Webhook Registration
The Operator registers a MutatingWebhookConfiguration on startup:
apiVersion: admissionregistration.k8s.io/v1
kind: MutatingWebhookConfiguration
metadata:
name: lucid-operator
webhooks:
- name: mutate.lucid.computing
clientConfig:
service:
name: lucid-operator-webhook
namespace: lucid-system
path: /mutate
caBundle: <base64-encoded-ca>
rules:
- operations: ["CREATE"]
apiGroups: [""]
apiVersions: ["v1"]
resources: ["pods"]
namespaceSelector:
matchLabels:
lucid.computing/enabled: "true"
failurePolicy: Fail
Mutation Process
Step 1: Request Interception
When a pod is created in a labeled namespace, the API server sends an AdmissionReview to the webhook:
{
"kind": "AdmissionReview",
"request": {
"uid": "abc-123",
"kind": {"group": "", "version": "v1", "kind": "Pod"},
"operation": "CREATE",
"object": {
"metadata": {
"annotations": {
"lucid.computing/auditors": "injection,toxicity"
}
},
"spec": {
"containers": [...]
}
}
}
}
Step 2: Annotation Parsing
The webhook extracts auditor configuration from annotations:
| Annotation | Description | Example |
|---|---|---|
lucid.computing/auditors |
Auditors to inject | injection,toxicity |
lucid.computing/audit-mode |
Mode (enforce/observe) | enforce |
lucid.computing/skip-audit |
Skip injection | false |
Step 3: Sidecar Injection
For each requested auditor, the webhook adds a sidecar container:
containers:
- name: lucid-guardrails-auditor
image: ghcr.io/lucid/lucid-guardrails-auditor:latest
ports:
- containerPort: 8090
env:
- name: LUCID_AUDITOR_ID
value: "lucid-guardrails-auditor"
- name: LUCID_CHAIN_NEXT
value: "http://localhost:8093" # Next auditor in chain
resources:
requests:
memory: "128Mi"
cpu: "100m"
limits:
memory: "256Mi"
cpu: "500m"
Step 4: Chain Configuration
The webhook configures the auditor chain by setting environment variables:
flowchart LR
A["Injection (8090)<br/>CHAIN_NEXT=8093"] --> B["Toxicity (8093)<br/>CHAIN_NEXT=5000"]

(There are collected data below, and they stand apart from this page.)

lemma gpoly_unit_roots_vieta:
  assumes z0: "cmod z0 = 1"
  obtains l a b where "proots (gpoly - [:z0:]) = {#l, a, b#}"
    "l + a + b = 1" "l*a + l*b + a*b = 7" "Re l \<le> 0"
proof -
  obtain r1 r2 r3 where roots: "proots (gpoly - [:z0:]) = {#r1, r2, r3#}"
    and e1: "r1 + r2 + r3 = 1" and e2: "r1*r2 + r1*r3 + r2*r3 = 7" and e3: "r1*r2*r3 = z0 - 1"
    using proots_monic_cubic[of "1 - z0" 7 "-1"] unfolding gpoly_minus_const by auto
  have "\<not> (Re r1 > 0 \<and> Re r2 > 0 \<and> Re r3 > 0)"
  proof
    assume "Re r1 > 0 \<and> Re r2 > 0 \<and> Re r3 > 0"
    then have "Re (7 * cnj (z0 - 1)) > 0"
      using Re_sigma2_cnj_sigma3_pos[of r1 r2 r3] e2 e3 by simp
    moreover have "Re z0 \<le> 1"
      using complex_Re_le_cmod[of z0] z0 by simp
    ultimately show False
      by simp
  qed
  then consider "Re r1 \<le> 0" | "Re r2 \<le> 0" | "Re r3 \<le> 0"
    by fastforce
  then show ?thesis
  proof cases
    case 1
    then show ?thesis
      using that[of r1 r2 r3] roots e1 e2 by blast
  next
    case 2
    then show ?thesis
      using that[of r2 r1 r3] roots e1 e2 by (simp add: add_mset_commute algebra_simps)
  next
    case 3
    then show ?thesis
      using that[of r3 r1 r2] roots e1 e2 by (simp add: add_mset_commute algebra_simps)
  qed
qed

lemma gpoly_unit_roots_split:
  assumes z0: "cmod z0 = 1"
  obtains l M where "proots (gpoly - [:z0:]) = add_mset l M" "l \<in> CL \<inter> ball 0 s1"
    "size M = 2" "set_mset M \<subseteq> CR \<inter> ball 0 s2 - ball 0 s1"
proof -
  obtain l a b where roots: "proots (gpoly - [:z0:]) = {#l, a, b#}"
    and e1: "l + a + b = 1" and e2: "l*a + l*b + a*b = 7" and "Re l \<le> 0"
    using gpoly_unit_roots_vieta[OF z0] by blast
  note located = gpoly_unit_root_location[OF z0, unfolded roots]
  have l: "l \<in> CL \<inter> ball 0 s1"
    using located[of l] \<open>Re l \<le> 0\<close> by (auto simp: CL_def CR_def)
  have "cmod a \<ge> s1" "cmod b \<ge> s1"
    using not_both_below_s1[of l a b] not_both_below_s1[of l b a] e1 e2 l
    by (auto simp: algebra_simps)
  moreover have "a \<in> CR \<inter> ball 0 s2" "b \<in> CR \<inter> ball 0 s2"
    using located[of a] located[of b] calculation by auto
  ultimately show ?thesis
    using that[of l "{#a, b#}"] roots l by auto
qed

lemma root_count_left_region:
  assumes "cmod z0 = 1" "e \<le> s1"
  shows "root_count (gpoly - [:z0:]) ((CL \<inter> ball 0 s1) \<union> ball 0 e) = 1"
proof -
  obtain l M where roots: "proots (gpoly - [:z0:]) = add_mset l M" "l \<in> CL \<inter> ball 0 s1"
    and M: "set_mset M \<subseteq> CR \<inter> ball 0 s2 - ball 0 s1"
    using gpoly_unit_roots_split[OF assms(1)] by metis
  have "filter_mset (\<lambda>z. z \<in> (CL \<inter> ball 0 s1) \<union> ball 0 e) M = {#}"
    using M assms(2) by (force simp: CL_def CR_def)
  then show ?thesis
    unfolding root_count_eq_size_proots[OF gpoly_minus_const_nonzero] roots(1) using roots(2) by simp
qed

lemma root_count_right_region:
  assumes "cmod z0 = 1" "e \<le> s1"
  shows "root_count (gpoly - [:z0:]) ((CR \<inter> ball 0 s2) - ball 0 e) = 2"
proof -
  obtain l M where roots: "proots (gpoly - [:z0:]) = add_mset l M" "l \<in> CL \<inter> ball 0 s1"
    and M: "size M = 2" "set_mset M \<subseteq> CR \<inter> ball 0 s2 - ball 0 s1"
    using gpoly_unit_roots_split[OF assms(1)] by metis
  have "l \<notin> CR"
    using roots(2) by (simp add: CL_def CR_def)
  moreover have "filter_mset (\<lambda>z. z \<in> (CR \<inter> ball 0 s2) - ball 0 e) M = M"
    using M assms(2) by (force simp: filter_mset_eq_conv)
  ultimately show ?thesis
    unfolding root_count_eq_size_proots[OF gpoly_minus_const_nonzero] roots(1) using M(1) by simp
qed

theorem lemma3p5:
  shows "(\<forall>z0::complex. cmod z0 = 1 \<longrightarrow> (\<exists>e0>0. \<forall>e. 0 < e \<and> e < e0 \<longrightarrow>
            root_count (gpoly - [:z0:]) ((CL \<inter> ball 0 s1) \<union> ball 0 e) = 1))
       \<and> (\<forall>z0::complex. cmod z0 = 1 \<longrightarrow> (\<exists>e0>0. \<forall>e. 0 < e \<and> e < e0 \<longrightarrow>
            root_count (gpoly - [:z0:]) ((CR \<inter> ball 0 s2) - ball 0 e) = 2))
       \<and> (\<forall>z0::complex. cmod z0 = 1 \<longrightarrow> (\<forall>z\<in>CL - ball 0 s1. poly (gpoly - [:z0:]) z \<noteq> 0))
       \<and> (\<forall>z0::complex. cmod z0 = 1 \<longrightarrow> (\<forall>z\<in>CR - ball 0 s2. poly (gpoly - [:z0:]) z \<noteq> 0))"
proof (intro conjI allI impI ballI)
  have "s1 > 0"
    by (simp add: s1_def)
  fix z0 :: complex
  assume "cmod z0 = 1"
  then show "\<exists>e0>0. \<forall>e. 0 < e \<and> e < e0 \<longrightarrow>
               root_count (gpoly - [:z0:]) ((CL \<inter> ball 0 s1) \<union> ball 0 e) = 1"
        and "\<exists>e0>0. \<forall>e. 0 < e \<and> e < e0 \<longrightarrow>
               root_count (gpoly - [:z0:]) ((CR \<inter> ball 0 s2) - ball 0 e) = 2"
    using root_count_left_region root_count_right_region \<open>s1 > 0\<close> by (meson less_imp_le)+
next
  fix z0 z :: complex
  assume "cmod z0 = 1"
  then show "z \<in> CL - ball 0 s1 \<Longrightarrow> poly (gpoly - [:z0:]) z \<noteq> 0"
        and "z \<in> CR - ball 0 s2 \<Longrightarrow> poly (gpoly - [:z0:]) z \<noteq> 0"
    using gpoly_ne_unit_left gpoly_ne_unit_right by (auto simp: CL_def CR_def)
qed

end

B --> C["AI Model<br/>(5000)"]
Step 5: Response
The webhook returns a JSON Patch to mutate the pod:
{
"kind": "AdmissionReview",
"response": {
"uid": "abc-123",
"allowed": true,
"patchType": "JSONPatch",
"patch": "W3sib3AiOiJhZGQiLCJwYXRoIjoiL3NwZWMvY29udGFpbmVycyIsInZhbHVlIjpbLi4uXX1d"
}
}
TLS Certificate Management
The webhook requires TLS for secure communication with the API server. Proper certificate management is critical for production deployments.
Self-Signed Certificates (Development)
The Operator auto-generates certificates on startup using the cryptography library:
# Simplified certificate generation (see cluster.py for full implementation)
from cryptography.x509 import CertificateBuilder, SubjectAlternativeName, DNSName
from cryptography.hazmat.primitives import hashes
from cryptography.hazmat.primitives.asymmetric import rsa
# Generate key pair
private_key = rsa.generate_private_key(public_exponent=65537, key_size=2048)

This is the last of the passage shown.